lemma frac_piece_suminf_holomorphic: "(\<lambda>s. \<Sum>k. frac_piece s k) holomorphic_on zeta_domain"
proof (rule holomorphic_uniform_sequence[OF open_zeta_domain])
  show "(\<lambda>s. \<Sum>k<n. frac_piece s k) holomorphic_on zeta_domain" for n
    by (intro holomorphic_on_sum frac_piece_holomorphic)
  fix x assume "x \<in> zeta_domain"
  obtain d where d: "0 < d" "cball x d \<subseteq> zeta_domain"
    and Re_ge: "\<And>z. z \<in> cball x d \<Longrightarrow> Re x / 2 \<le> Re z"
    using zeta_domain_cball[OF \<open>x \<in> zeta_domain\<close>] by blast
  have "0 < Re x" using \<open>x \<in> zeta_domain\<close> by (simp add: zeta_domain_def)
  have "norm (frac_piece z k) \<le> (real k + 1/2) powr (- (Re x / 2) - 1)" if "z \<in> cball x d" for k z
    using that d(2) Re_ge[OF that] \<open>0 < Re x\<close>
    by (intro norm_frac_piece_le) (auto simp: zeta_domain_def)
  moreover have "summable (\<lambda>k. (real k + 1/2) powr (- (Re x / 2) - 1))"
    using summable_shifted_real_powr[of "Re x / 2 + 1" "1/2"] \<open>0 < Re x\<close> by simp
  ultimately have "uniform_limit (cball x d) (\<lambda>n s. \<Sum>k<n. frac_piece s k) (\<lambda>s. \<Sum>k. frac_piece s k) sequentially"
    by (rule Weierstrass_m_test)
  with d show "\<exists>d>0. cball x d \<subseteq> zeta_domain \<and>
      uniform_limit (cball x d) (\<lambda>n s. \<Sum>k<n. frac_piece s k) (\<lambda>s. \<Sum>k. frac_piece s k) sequentially"
    by blast
qed
lemma max_generalized_Rayleigh_quotient:
  fixes LR LB :: "'v::euclidean_space \<Rightarrow> 'v"
  assumes linR: "linear LR" and linB: "linear LB" and pd: "\<And>x. x \<noteq> 0 \<Longrightarrow> 0 < inner x (LR x)"
  obtains x0 where "inner x0 (LR x0) = 1" "\<And>x. inner x (LB x) \<le> inner x0 (LB x0) * inner x (LR x)"
proof -
  define q where "q x = inner x (LR x)" for x
  define f where "f x = inner x (LB x)" for x
  define K where "K = {x. q x = 1}"
  have q_scaleR: "q (c *\<^sub>R x) = c\<^sup>2 * q x" for c x
    unfolding q_def by (rule quadratic_form_scaleR[OF linR])
  have normalize: "(1 / sqrt (q x)) *\<^sub>R x \<in> K" if "x \<noteq> 0" for x
    using pd[OF that, folded q_def] by (simp add: K_def q_scaleR power_divide)
  obtain m where m: "m > 0" "\<And>x. m * (norm x)\<^sup>2 \<le> q x"
    using positive_definite_form_coercive[OF linR pd] unfolding q_def by blast
  have "closed K"
    unfolding K_def q_def by (intro closed_Collect_eq continuous_on_quadratic_form linR continuous_intros)
  moreover have "bounded K"
  proof -
    have "norm x \<le> sqrt (1 / m)" if "x \<in> K" for x
      using m(1) m(2)[of x] that by (intro real_le_rsqrt) (simp add: K_def field_simps)
    then show ?thesis unfolding bounded_iff by blast
  qed
  ultimately have "compact K" by (simp add: compact_eq_bounded_closed)
  moreover have "K \<noteq> {}" using normalize[OF nonzero_Basis[OF SOME_Basis]] by blast
  moreover have "continuous_on K f" unfolding f_def by (rule continuous_on_quadratic_form[OF linB])
  ultimately obtain x0 where x0: "x0 \<in> K" "\<And>y. y \<in> K \<Longrightarrow> f y \<le> f x0"
    using continuous_attains_sup by metis
  have "f x \<le> f x0 * q x" for x
  proof (cases "x = 0")
    case True then show ?thesis by (simp add: q_def f_def linear_0[OF linR] linear_0[OF linB])
  next
    case False
    have "f ((1 / sqrt (q x)) *\<^sub>R x) \<le> f x0" using x0(2) normalize[OF False] .
    moreover have "f (c *\<^sub>R x) = c\<^sup>2 * f x" for c
      unfolding f_def by (rule quadratic_form_scaleR[OF linB])
    ultimately show ?thesis
      using pd[OF False, folded q_def] by (simp add: power_divide field_simps)
  qed
  with x0(1) show ?thesis using that unfolding K_def q_def f_def by blast
qed

lemma generalized_eigenvector_of_max_Rayleigh_quotient:
  fixes LR LB :: "'v::euclidean_space \<Rightarrow> 'v"
  assumes R: "self_adjoint LR" and B: "self_adjoint LB" and pd: "\<And>x. x \<noteq> 0 \<Longrightarrow> 0 < inner x (LR x)"
  obtains x0 t where "x0 \<noteq> 0" "LB x0 = t *\<^sub>R LR x0" "\<And>x. inner x (LB x) \<le> t * inner x (LR x)"
proof -
  have linR: "linear LR" and linB: "linear LB" using R B self_adjoint_def by auto
  obtain x0 where x0: "inner x0 (LR x0) = 1" and bound: "\<And>x. inner x (LB x) \<le> inner x0 (LB x0) * inner x (LR x)"
    using max_generalized_Rayleigh_quotient[OF linR linB pd] by blast
  define t where "t = inner x0 (LB x0)"
  define P where "P x = t *\<^sub>R LR x - LB x" for x
  have "self_adjoint P"
    unfolding P_def by (intro self_adjoint_diff self_adjoint_scaleR R B)
  moreover have "0 \<le> inner x (P x)" for x
    using bound[of x] by (simp add: P_def t_def inner_diff_right)
  moreover have "inner x0 (P x0) = 0"
    using x0 by (simp add: P_def t_def inner_diff_right)
  ultimately have "P x0 = 0" by (rule nonneg_form_eq_0_imp_eq_0)
  then have "LB x0 = t *\<^sub>R LR x0" by (simp add: P_def)
  moreover have "x0 \<noteq> 0" using x0 linear_0[OF linR] by auto
  ultimately show ?thesis using that bound unfolding t_def by blast
qed

lemma sqrt_mem_eigenvalues_of_square:
  fixes A :: "'v::euclidean_space \<Rightarrow> 'v"
  assumes lin: "linear A" and x0: "x0 \<noteq> 0" "A (A x0) = t *\<^sub>R x0" and "t \<ge> 0"
    and nonneg: "\<And>s. s \<in> eigenvalues A \<Longrightarrow> 0 \<le> s"
  shows "sqrt t \<in> eigenvalues A"
proof -
  define w where "w = A x0 + sqrt t *\<^sub>R x0"
  have "A w = sqrt t *\<^sub>R w"
    using x0(2) \<open>t \<ge> 0\<close> linear_add[OF lin] linear_scale[OF lin]
    by (simp add: w_def algebra_simps flip: power2_eq_square)
  show ?thesis
  proof (cases "w = 0")
    case False
    with \<open>A w = sqrt t *\<^sub>R w\<close> show ?thesis by (auto simp: eigenvalues_def)
  next
    case True
    then have "A x0 = (- sqrt t) *\<^sub>R x0" by (simp add: w_def eq_neg_iff_add_eq_0)
    then have "- sqrt t \<in> eigenvalues A" using x0(1) by (auto simp: eigenvalues_def)
    moreover from nonneg[OF this] \<open>t \<ge> 0\<close> have "sqrt t = 0" by simp
    ultimately show ?thesis by simp
  qed
qed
---+---
What needs to be done.
Go through the listing above and find each line that contains "normalize", then copy it.

Answer to this task.
  have normalize: "(1 / sqrt (q x)) *\<^sub>R x \<in> K" if "x \<noteq> 0" for x
  moreover have "K \<noteq> {}" using normalize[OF nonzero_Basis[OF SOME_Basis]] by blast
    have "f ((1 / sqrt (q x)) *\<^sub>R x) \<le> f x0" using x0(2) normalize[OF False] .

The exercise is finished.